Further analysis of the NNPC weekly national evacuation report released Wednesday, February 23 indicated that 80 percent of all the PMS took place at 20 high-loading depots, while 20 percent occurred at the other loading depots in Nigeria.

According to the company, the top 20 high loading depots used are Pinnacle-Lekki which evacuated the highest volume of 70.8 million litres; NIPCO (22.6 million litres), AITEO (22.3 million litres), Swift (16 million litres), 11 PLC (15.9 million litres), Bovas Bulk (15 million litres) and Frado (14.6 million litres).
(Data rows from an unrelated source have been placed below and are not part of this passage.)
lemma spectral2_mult_eigen:
  assumes A: "A \<in> carrier_mat 2 2" "hermitian 2 A" and u: "eigen2 A l1 u1" "eigen2 A l2 u2"
  shows "spectral2 a1 a2 u1 u2 * A = spectral2 (a1 * l1) (a2 * l2) u1 u2"
proof -
  have row: "cnj (u 0) * A $$ (0, j) + cnj (u 1) * A $$ (1, j) = of_real l * cnj (u j)"
    if "eigen2 A l u" "j < 2" for u l j
  proof -
    have "cnj (A $$ (j, 0) * u 0 + A $$ (j, 1) * u 1) = cnj (of_real l * u j)"
      using that unfolding eigen2_def mat_apply_def by (simp add: sum_lessThan_2)
    then show ?thesis
      using that(2) by (simp add: hermitian_cnj[OF A(2)] mult.commute)
  qed
  have "(spectral2 a1 a2 u1 u2 * A) $$ (i, j) = spectral2 (a1 * l1) (a2 * l2) u1 u2 $$ (i, j)"
    if "i < 2" "j < 2" for i j
  proof -
    have "(spectral2 a1 a2 u1 u2 * A) $$ (i, j) =
      of_real a1 * u1 i * (cnj (u1 0) * A $$ (0, j) + cnj (u1 1) * A $$ (1, j))
      + of_real a2 * u2 i * (cnj (u2 0) * A $$ (0, j) + cnj (u2 1) * A $$ (1, j))"
      using that by (simp add: index_mult_mat_2[OF spectral2_carrier A(1)] spectral2_index algebra_simps)
    then show ?thesis
      using that row[OF u(1) that(2)] row[OF u(2) that(2)] by (simp add: spectral2_index)
  qed
  then show ?thesis
    using A(1) by (intro eq_mat2I) (simp_all add: spectral2_carrier mult_carrier_mat[OF spectral2_carrier A(1)] del: index_mult_mat)
qed

lemma spectral2_one:
  assumes "orthonormal2 u1 u2"
  shows "spectral2 1 1 u1 u2 = 1\<^sub>m 2"
  by (rule eq_mat2I) (simp_all add: spectral2_carrier spectral2_index orthonormal2_resolution[OF assms])

lemma mat_apply_kron_one:
  assumes "0 < d" "a < 2 * d"
  shows "mat_apply (2 * d) (kron 2 d Y (1\<^sub>m d)) x a = (\<Sum>m<2. Y $$ (a div d, m) * x (m * d + a mod d))"
proof -
  have "mat_apply (2 * d) (kron 2 d Y (1\<^sub>m d)) x a
      = (\<Sum>m<2. \<Sum>k<d. kron 2 d Y (1\<^sub>m d) $$ (a, m * d + k) * x (m * d + k))"
    unfolding mat_apply_def by (rule sum_lessThan_2_mult)
  also have "\<dots> = (\<Sum>m<2. \<Sum>k<d. if k = a mod d then Y $$ (a div d, m) * x (m * d + a mod d) else 0)"
    using assms by (intro sum.cong refl) (simp add: kron_index block_index_less)
  also have "\<dots> = (\<Sum>m<2. Y $$ (a div d, m) * x (m * d + a mod d))"
    using assms by simp
  finally show ?thesis .
qed

lemma mat_apply_kron_spectral2:
  assumes "0 < d" "a < 2 * d"
  shows "mat_apply (2 * d) (kron 2 d (spectral2 y1 y2 u1 u2) (1\<^sub>m d)) x a
    = of_real y1 * tensor_fun d u1 (contract_fst d u1 x) a + of_real y2 * tensor_fun d u2 (contract_fst d u2 x) a"
  unfolding mat_apply_kron_one[OF assms] tensor_fun_def contract_fst_def
  using div_less_2[OF assms(2)] by (simp add: sum_lessThan_2 spectral2_index algebra_simps)

section \<open>The operator inequality for a given eigenbasis\<close>

lemma sesq_expand_orthonormal2:
  fixes x :: "nat \<Rightarrow> complex"
  assumes "orthonormal2 u1 u2" "0 < d"
  defines "W1 \<equiv> tensor_fun d u1 (contract_fst d u1 x)" and "W2 \<equiv> tensor_fun d u2 (contract_fst d u2 x)"
  shows "sesq (2 * d) M x x = sesq (2 * d) M W1 W1 + sesq (2 * d) M W1 W2 + sesq (2 * d) M W2 W1 + sesq (2 * d) M W2 W2"
proof -
  have "sesq (2 * d) M x x = sesq (2 * d) M (\<lambda>a. W1 a + W2 a) (\<lambda>a. W1 a + W2 a)"
    unfolding W1_def W2_def by (rule sesq_cong; rule tensor_fun_decomp[OF assms(1,2)])
  then show ?thesis
    by (simp add: sesq_add_left sesq_add_right)
qed

lemma sesq_conj_kron_spectral2:
  fixes x u1 u2 :: "nat \<Rightarrow> complex" and y1 y2 :: real
  assumes "0 < d" "M \<in> carrier_mat (2 * d) (2 * d)"
  defines "K \<equiv> kron 2 d (spectral2 y1 y2 u1 u2) (1\<^sub>m d)"
    and "W1 \<equiv> tensor_fun d u1 (contract_fst d u1 x)" and "W2 \<equiv> tensor_fun d u2 (contract_fst d u2 x)"
  shows "sesq (2 * d) (K * M * K) x x = of_real (y1 * y1) * sesq (2 * d) M W1 W1
    + of_real (y1 * y2) * (sesq (2 * d) M W1 W2 + sesq (2 * d) M W2 W1) + of_real (y2 * y2) * sesq (2 * d) M W2 W2"
proof -
  have K: "K \<in> carrier_mat (2 * d) (2 * d)" "hermitian (2 * d) K"
    unfolding K_def by (auto intro: kron_carrier hermitian_kron hermitian_spectral2 hermitian_one_mat assms(1))
  have "sesq (2 * d) (K * M * K) x x = sesq (2 * d) M (mat_apply (2 * d) K x) (mat_apply (2 * d) K x)"
    by (rule sesq_conj[OF K(1) assms(2) K(2)])
  also have "\<dots> = sesq (2 * d) M (\<lambda>a. of_real y1 * W1 a + of_real y2 * W2 a) (\<lambda>a. of_real y1 * W1 a + of_real y2 * W2 a)"
    unfolding K_def W1_def W2_def by (rule sesq_cong; simp add: mat_apply_kron_spectral2[OF assms(1)])
  finally show ?thesis
    by (simp add: sesq_add_left sesq_add_right sesq_scale_left sesq_scale_right algebra_simps)
qed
The NNPC also noted others are Keonamex (13.7 million litres), MRS Ltd (11.9 million litres), Rainoil (11.6 million litres), AYM Shafa (11.2 million litres), TSL (11.2 million litres), Rainoil Lagos (11.2 million litres), and Matrix (10 million litres), Conoil Lagos (9.7 million litres), AA Rano (8.8 million litres), Bluefin (8.4 million litres), HOGL (8.2 million litres), Ibafon Calabar (8 million litres) and Mainland (7.5 million litres).

With the distribution of 385.59 million litres in one week, scarcity of petrol was gradually arrested, with queues drastically reduced at filling stations in Abuja, Lagos, and other major cities, as selling outlets that had been shut for over a week due to supply gap opened for operations last Sunday.

It was gathered that in Abuja, retail outlets in the satellite towns, such as Bwari, Lugbe, Kubwa, Zuba, Kuje, and others hitherto experiencing product shortage were seen dispensing petrol to motorists Sunday, February 20.

Recall the NNPC earlier, had stated that the ‘methanol-blended’ petrol was imported into the country by four oil marketers through four Premium Motor Spirit cargoes under the NNPC’s Direct Sales Direct Purchase arrangement.

According to the national oil firm, the four companies that supplied the ‘methanol-blended petrol are MRS Oil, which made the importation through a vessel named MT Bow Pioneer; Emadeb/Hyde/AY Maikifi/Brittania-U Consortium through vessel identified as MT Tom Hilde; Oando through a vessel named MT Elka Apollon; and Duke Oil.

The product was purchased from International Trader, LITASCO, and delivered through the LITASCO loading port terminal in Antwerp in Belgium.

Amid the fuel crisis, the NNPC has promised that over 2.3 billion litres of PMS would be delivered before the end of February 2022 in a move to completely resolve petrol scarcity in the economy.